The emergence of genes is an important conclusion as it offers a new conceptualisation of the complex genetic phenomena, allowing us to accept their existence despite the unclear material constitution and the multiply-realised transcription factor. Postgenomic genes exist within the different circumstances in which transcription happens and the identification of the precise basis should be highly flexible (Fogle, 2010). Such a flexibility, crucial for the topic, cannot be accounted for if genes are considered merely materially, as mere ORFs. Nor we have to be satisfied with the simple nominal and operational definition of the genes. On the opposite, we might consider emergence as what allows the existence of the genes together with more flexibility in defining their borders and it permits the consideration of their core relational and context-dependent property. Genes can thus result to be both flexible and highly context-dependent, and nevertheless existent, as they depend on the right environment that allows their definitional property to be robust. Furthermore, this account provides an ontological and not merely theoretical reason for which gene-talk in life sciences is justified as well as the important role that genes play in contemporary biological disciplines. If one of the aims of science is to unmask which kinds of things exist in the world, then the present account offers more support to the fact that science has reached this goal.

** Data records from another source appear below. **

(* Let $(\mathcal{A},\mathscr{B})$ be a measurable space, $E$ the space of finite signed measures on it and $\mathcal{X}$ the set of probability measures on it. Let $\phi:[0,\infty)\to[0,\infty)$ satisfy $\phi(1)=1$ and admit a second order Taylor expansion around $1$, i.e. $\phi(1+y)=1+y\phi'(1)+\tfrac{y^2}{2}\phi''(1)+o(y^2)$ as $y\to 0$. Then both $V_\phi$ and $R_\phi$ are codivergences on $\mathcal{X}$ (in the sense defined in the context) with bilinear expansion domain $\mathcal{M}_{P_0}$ at each $P_0\in\mathcal{X}$ and with bilinear map $(\mu,\tilde\mu)\mapsto\phi'(1)^2\langle\mu,\tilde\mu\rangle_{P_0}$, where $$\langle\mu,\tilde\mu\rangle_{P_0}:=\int\frac{d\mu}{dP_0}\,d\tilde\mu=\int hg\,dP_0,\qquad h=\frac{d\mu}{dP_0},\ g=\frac{d\tilde\mu}{dP_0}.$$
   Context: Definition (codivergence). Let $\mathcal{X}$ be a subset of a real vector space $E$ and $(E_u)_{u\in\mathcal{X}}$ a family of linear subspaces of $E$. A function $D:\mathcal{X}^3\to\mathbb{R}\cup\{+\infty\}$ is a codivergence on $\mathcal{X}$ with bilinear expansion domain $E_u$ at $u$ if for all $u,v,w\in\mathcal{X}$: (i) $D(u|v,w)=D(u|w,v)$; (ii) $D(u|v,v)\ge0$, with equality if $u=v$; (iii) there is a bilinear map $\langle\cdot,\cdot\rangle_u$ on $E_u$ such that for any $h,g\in E_u$ and all $(s,t)$ in some open neighborhood of $(0,0)$ (possibly depending on $h,g$) we have $u+th,u+sg\in\mathcal{X}$, $D(u|u+th,u+sg)<+\infty$ and $D(u|u+th,u+sg)=ts\langle h,g\rangle_u+o(t^2+s^2)$ as $(s,t)\to(0,0)$. $\mathcal{M}_{P_0}:=\{\mu\in E:\ \mu\ll P_0,\ \int d\mu=0,\ \operatorname{ess\,sup}_{P_0}|d\mu/dP_0|<\infty\}$. For probability measures $P_0,P_1,P_2$ with $P_1,P_2\ll P_0$: $$V_\phi(P_0|P_1,P_2):=\int\phi\Big(\frac{dP_1}{dP_0}\Big)\phi\Big(\frac{dP_2}{dP_0}\Big)dP_0-\int\phi\Big(\frac{dP_1}{dP_0}\Big)dP_0\int\phi\Big(\frac{dP_2}{dP_0}\Big)dP_0,$$ $$R_\phi(P_0|P_1,P_2):=\frac{\int\phi(\frac{dP_1}{dP_0})\phi(\frac{dP_2}{dP_0})dP_0}{\int\phi(\frac{dP_1}{dP_0})dP_0\int\phi(\frac{dP_2}{dP_0})dP_0}-1;$$ if $P_1\not\ll P_0$ or $P_2\not\ll P_0$, both are defined to be $+\infty$. *)

theory Defs
  imports "HOL-Probability.Probability" "HOL-Library.Landau_Symbols"
begin
(* Let $n\ge 1$, let $K\in\mathbb{R}^{n\times n}$ be symmetric positive semidefinite, let $\Sigma_1,\Sigma_2\in\mathbb{R}^{n\times n}$ be symmetric positive definite, and let $\lambda>1$. Let $K=PLP^T$ be an eigen-decomposition with $P$ orthogonal and $L=\mathrm{diag}(l_1,\dots,l_n)$, $l_1\ge\cdots\ge l_r>l_{r+1}=\cdots=l_n=0$, $r=\mathrm{rank}(K)$. Put $\tilde L=\mathrm{diag}(1/\sqrt{l_1},\dots,1/\sqrt{l_r},1,\dots,1)$, $\tilde K=\tilde L P^T$, $\tilde\Sigma_j=\tilde K\Sigma_j\tilde K^T$ ($j=1,2$), and write in block form (with $r\times r$ upper-left blocks) $$\tilde\Sigma_j=\begin{bmatrix}A_j&B_j\\ B_j^T&C_j\end{bmatrix},\qquad \hat\Sigma_j=A_j-B_jC_j^{-1}B_j^T,\quad j=1,2.$$ Then the optimization problem $$\max_{0\preceq K_U\preceq K}\ \log|K_U+\Sigma_1|-\lambda\log|K_U+\Sigma_2|$$ (over symmetric $n\times n$ matrices $K_U$) is equivalent to the problem $$\max_{0\preceq A_U\preceq I}\ \log|A_U+\hat\Sigma_1|-\lambda\log|A_U+\hat\Sigma_2|$$ (over symmetric $r\times r$ matrices $A_U$, $I$ the $r\times r$ identity), in the sense that $K_U$ is feasible for the first problem if and only if $\tilde K K_U\tilde K^T=\begin{bmatrix}A_U&0\\0&0\end{bmatrix}$ for some $A_U$ feasible for the second problem, and under this correspondence the two objective values differ by an additive constant independent of the variable.
   Context: $|M|$ denotes the determinant of $M$; $M\preceq N$ means $N-M$ is positive semidefinite. The matrices $\hat\Sigma_1,\hat\Sigma_2$ are positive definite (Schur complements of positive definite matrices); when $r=n$ the blocks $B_j,C_j$ are empty and $\hat\Sigma_j=\tilde\Sigma_j$. *)

theory Defs
  imports "Jordan_Normal_Form.Matrix" "Jordan_Normal_Form.Determinant"
          "Jordan_Normal_Form.Gauss_Jordan_Elimination" Complex_Main
begin

definition psd_mat :: "real mat \<Rightarrow> bool" where
  "psd_mat M \<longleftrightarrow> dim_row M = dim_col M \<and> transpose_mat M = M \<and>
     (\<forall>x \<in> carrier_vec (dim_row M). 0 \<le> x \<bullet> (M *\<^sub>v x))"

definition pd_mat :: "real mat \<Rightarrow> bool" where
  "pd_mat M \<longleftrightarrow> dim_row M = dim_col M \<and> transpose_mat M = M \<and>
     (\<forall>x \<in> carrier_vec (dim_row M). x \<noteq> 0\<^sub>v (dim_row M) \<longrightarrow> 0 < x \<bullet> (M *\<^sub>v x))"

definition loewner_le :: "real mat \<Rightarrow> real mat \<Rightarrow> bool" where
  "loewner_le M N \<longleftrightarrow> dim_row M = dim_row N \<and> dim_col M = dim_col N \<and> psd_mat (N - M)"

definition schur_top :: "nat \<Rightarrow> real mat \<Rightarrow> real mat" where
  "schur_top r M = (case split_block M r r of (A, B, _, C) \<Rightarrow>
      A - B * the (mat_inverse C) * transpose_mat B)"

end

(* The whitening matrix Kt = Lt P^T is invertible and maps K to diag(I_r, 0) by congruence.
   Congruence by an invertible matrix preserves positive semidefiniteness in both directions, so
   0 <= KU <= K iff 0 <= X <= diag(I_r, 0) for X = Kt KU Kt^T.  Such an X has zero diagonal
   entries, hence zero rows and columns, outside the leading r x r block, so X = diag(AU, 0)
   with 0 <= AU <= I_r.
   For the objective, det (Kt (KU + Sigma) Kt^T) = det(Kt)^2 det (KU + Sigma), and by the Schur
   complement formula det (diag(AU, 0) + St) = det C * det (AU + Sh), where C is the positive
   definite lower right block of St.  Both det(Kt)^2 and det C are positive and independent of
   KU, so after taking logarithms they only contribute an additive constant. *)

theory Submission
  imports Defs
begin

lemma quadratic_form_congruence:
  fixes A M :: "real mat"
  assumes A: "A \<in> carrier_mat m n" and M: "M \<in> carrier_mat n n" and x: "x \<in> carrier_vec m"
  shows "x \<bullet> ((A * M * transpose_mat A) *\<^sub>v x) =
    (transpose_mat A *\<^sub>v x) \<bullet> (M *\<^sub>v (transpose_mat A *\<^sub>v x))"
proof -
  have "(A * M * transpose_mat A) *\<^sub>v x = A *\<^sub>v (M *\<^sub>v (transpose_mat A *\<^sub>v x))"
    using A M x by (simp add: assoc_mult_mat_vec[of _ m n _ m] assoc_mult_mat_vec[of _ n n _ m])
  then show ?thesis
    using transpose_vec_mult_scalar[OF A, of "M *\<^sub>v (transpose_mat A *\<^sub>v x)" x] M A x by simp
qed

lemma transpose_congruence:
  fixes A M :: "real mat"
  assumes A: "A \<in> carrier_mat m n" and M: "M \<in> carrier_mat n n" and sym: "transpose_mat M = M"
  shows "transpose_mat (A * M * transpose_mat A) = A * M * transpose_mat A"
proof -
  have AM: "A * M \<in> carrier_mat m n" using A M by simp
  have "transpose_mat (A * M * transpose_mat A) = A * (transpose_mat M * transpose_mat A)"
    using transpose_mult[OF AM, of "transpose_mat A" m] transpose_mult[OF A M] A by simp
  also have "\<dots> = A * M * transpose_mat A"
    using A M sym by (simp add: assoc_mult_mat[of _ m n _ n _ m])
  finally show ?thesis .
qed

lemma psd_mat_congruence:
  fixes A M :: "real mat"
  assumes A: "A \<in> carrier_mat m n" and M: "M \<in> carrier_mat n n" and psd: "psd_mat M"
  shows "psd_mat (A * M * transpose_mat A)"
  unfolding psd_mat_def
proof (intro conjI ballI)
  show "transpose_mat (A * M * transpose_mat A) = A * M * transpose_mat A"
    using transpose_congruence[OF A M] psd unfolding psd_mat_def by blast
  fix x :: "real vec" assume "x \<in> carrier_vec (dim_row (A * M * transpose_mat A))"
  then have x: "x \<in> carrier_vec m" using A by simp
  have "transpose_mat A *\<^sub>v x \<in> carrier_vec (dim_row M)" using A M x by simp
  then show "0 \<le> x \<bullet> ((A * M * transpose_mat A) *\<^sub>v x)"
    using psd quadratic_form_congruence[OF A M x] unfolding psd_mat_def by simp
qed (use A in simp)

lemma pd_mat_congruence:
  fixes A M :: "real mat"
  assumes A: "A \<in> carrier_mat n n" and "det A \<noteq> 0" and M: "M \<in> carrier_mat n n" and pd: "pd_mat M"
  shows "pd_mat (A * M * transpose_mat A)"
  unfolding pd_mat_def
proof (intro conjI ballI impI)
  show "transpose_mat (A * M * transpose_mat A) = A * M * transpose_mat A"
    using transpose_congruence[OF A M] pd unfolding pd_mat_def by blast
  fix x :: "real vec" assume "x \<in> carrier_vec (dim_row (A * M * transpose_mat A))"
    and "x \<noteq> 0\<^sub>v (dim_row (A * M * transpose_mat A))"
  then have x: "x \<in> carrier_vec n" "x \<noteq> 0\<^sub>v n" using A by auto
  have "det (transpose_mat A) \<noteq> 0" using \<open>det A \<noteq> 0\<close> A by (simp add: det_transpose)
  then have "transpose_mat A *\<^sub>v x \<noteq> 0\<^sub>v n"
    using det_0_iff_vec_prod_zero_field[of "transpose_mat A" n] A x by auto
  moreover have "transpose_mat A *\<^sub>v x \<in> carrier_vec (dim_row M)" using A M x by simp
  ultimately show "0 < x \<bullet> ((A * M * transpose_mat A) *\<^sub>v x)"
    using pd quadratic_form_congruence[OF A M x(1)] M unfolding pd_mat_def by simp
qed (use A in simp)

lemma congruence_cancel:
  fixes A B M :: "real mat"
  assumes A: "A \<in> carrier_mat n n" and B: "B \<in> carrier_mat n n" and M: "M \<in> carrier_mat n n"
    and BA: "B * A = 1\<^sub>m n"
  shows "B * (A * M * transpose_mat A) * transpose_mat B = M"
proof -
  have AB: "transpose_mat A * transpose_mat B = 1\<^sub>m n"
    using transpose_mult[OF B A] BA by simp
  have "B * (A * M * transpose_mat A) * transpose_mat B =
      (B * A) * M * (transpose_mat A * transpose_mat B)"
    using A B M by (simp add: assoc_mult_mat[of _ n n _ n _ n])
  also have "\<dots> = M" unfolding BA AB using M by simp
  finally show ?thesis .
qed

lemma psd_mat_congruence_iff:
  fixes A B M :: "real mat"
  assumes A: "A \<in> carrier_mat n n" and B: "B \<in> carrier_mat n n" and M: "M \<in> carrier_mat n n"
    and BA: "B * A = 1\<^sub>m n"
  shows "psd_mat (A * M * transpose_mat A) \<longleftrightarrow> psd_mat M"
  using psd_mat_congruence[OF A M] psd_mat_congruence[OF B _, of "A * M * transpose_mat A"]
    congruence_cancel[OF A B M BA] A M by auto

lemma loewner_le_congruence_iff:
  fixes A B M N :: "real mat"
  assumes A: "A \<in> carrier_mat n n" and B: "B \<in> carrier_mat n n" and BA: "B * A = 1\<^sub>m n"
    and M: "M \<in> carrier_mat n n" and N: "N \<in> carrier_mat n n"
  shows "loewner_le (A * M * transpose_mat A) (A * N * transpose_mat A) \<longleftrightarrow> loewner_le M N"
proof -
  have "loewner_le (A * M * transpose_mat A) (A * N * transpose_mat A) \<longleftrightarrow>
      psd_mat (A * N * transpose_mat A - A * M * transpose_mat A)"
    using A M N unfolding loewner_le_def by auto
  also have "A * N * transpose_mat A - A * M * transpose_mat A = A * (N - M) * transpose_mat A"
    using A M N by (simp add: mult_minus_distrib_mat[of _ n n] minus_mult_distrib_mat[of _ n n])
  also have "psd_mat \<dots> \<longleftrightarrow> psd_mat (N - M)"
    by (rule psd_mat_congruence_iff[OF A B minus_carrier_mat[OF M] BA])
  also have "\<dots> \<longleftrightarrow> loewner_le M N"
    using M N unfolding loewner_le_def by auto
  finally show ?thesis .
qed

lemma psd_mat_diag_nonneg:
  fixes M :: "real mat"
  assumes M: "M \<in> carrier_mat n n" and psd: "psd_mat M" and i: "i < n"
  shows "0 \<le> M $$ (i, i)"
proof -
  have "0 \<le> unit_vec n i \<bullet> (M *\<^sub>v unit_vec n i)" using psd M unfolding psd_mat_def by auto
  then show ?thesis using M i by simp
qed
(* There exists a speedable number that is not regainingly approximable.
   Context: A real $x$ is regainingly approximable if there is a computable non-decreasing sequence of rationals $(x_n)_n$ converging to $x$ with $x - x_n < 2^{-n}$ for infinitely many $n\in\mathbb{N}$. A left-computable real $x$ (i.e. limit of a computable non-decreasing sequence of rationals) is speedable if there exist $\rho\in(0,1)$ and a computable strictly increasing sequence of rationals $(x_n)_n$ converging to $x$ such that $\frac{x-x_{n+1}}{x-x_n}\le\rho$ for infinitely many $n\in\mathbb{N}$. *)

theory Defs
  imports Complex_Main
begin

datatype recf =
    Zr
  | Sc
  | Proj nat
  | Cn recf "recf list"
  | Pr recf recf
  | Mn recf

inductive eval :: "recf \<Rightarrow> nat list \<Rightarrow> nat \<Rightarrow> bool" where
  eval_Zr: "eval Zr xs 0"
| eval_Sc: "eval Sc (x # xs) (Suc x)"
| eval_Proj: "i < length xs \<Longrightarrow> eval (Proj i) xs (xs ! i)"
| eval_Cn: "list_all2 (\<lambda>g y. eval g xs y) gs ys \<Longrightarrow> eval f ys z \<Longrightarrow> eval (Cn f gs) xs z"
| eval_Pr0: "eval f xs y \<Longrightarrow> eval (Pr f g) (0 # xs) y"
| eval_PrS: "eval (Pr f g) (n # xs) y \<Longrightarrow> eval g (n # y # xs) z \<Longrightarrow> eval (Pr f g) (Suc n # xs) z"
| eval_Mn: "eval f (n # xs) 0 \<Longrightarrow> (\<forall>m<n. \<exists>y. eval f (m # xs) (Suc y)) \<Longrightarrow> eval (Mn f) xs n"

definition computable_fun :: "(nat \<Rightarrow> nat) \<Rightarrow> bool" where
  "computable_fun g \<longleftrightarrow> (\<exists>t. \<forall>n. eval t [n] (g n))"

definition computable_rat_seq :: "(nat \<Rightarrow> rat) \<Rightarrow> bool" where
  "computable_rat_seq q \<longleftrightarrow> (\<exists>a b c. computable_fun a \<and> computable_fun b \<and> computable_fun c \<and>
     (\<forall>n. q n = (of_nat (a n) - of_nat (b n)) / of_nat (Suc (c n))))"

definition left_computable :: "real \<Rightarrow> bool" where
  "left_computable x \<longleftrightarrow> (\<exists>q. computable_rat_seq q \<and> mono q \<and>
     (\<lambda>n. real_of_rat (q n)) \<longlonglongrightarrow> x)"

definition regainingly_approximable :: "real \<Rightarrow> bool" where
  "regainingly_approximable x \<longleftrightarrow> (\<exists>q. computable_rat_seq q \<and> mono q \<and>
     (\<lambda>n. real_of_rat (q n)) \<longlonglongrightarrow> x \<and>
     (\<exists>\<^sub>F n in sequentially. x - real_of_rat (q n) < 2 powi (- int n)))"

Second, the importance of considering the context-dependency of genes might be relevant for those scientists that are trying to conceptualise and model genetic phenomena.

At last, this case can be of interest to philosophers working on emergence in the sciences. It presents the gene-case in support of a recently proposed account of ontological emergence that has been firstly applied to physical phenomena but had the aim of being more general. Particularly, it fits biological cases thanks to the relevance of robustness and its attention to the importance that specific scientific concepts have in explanations.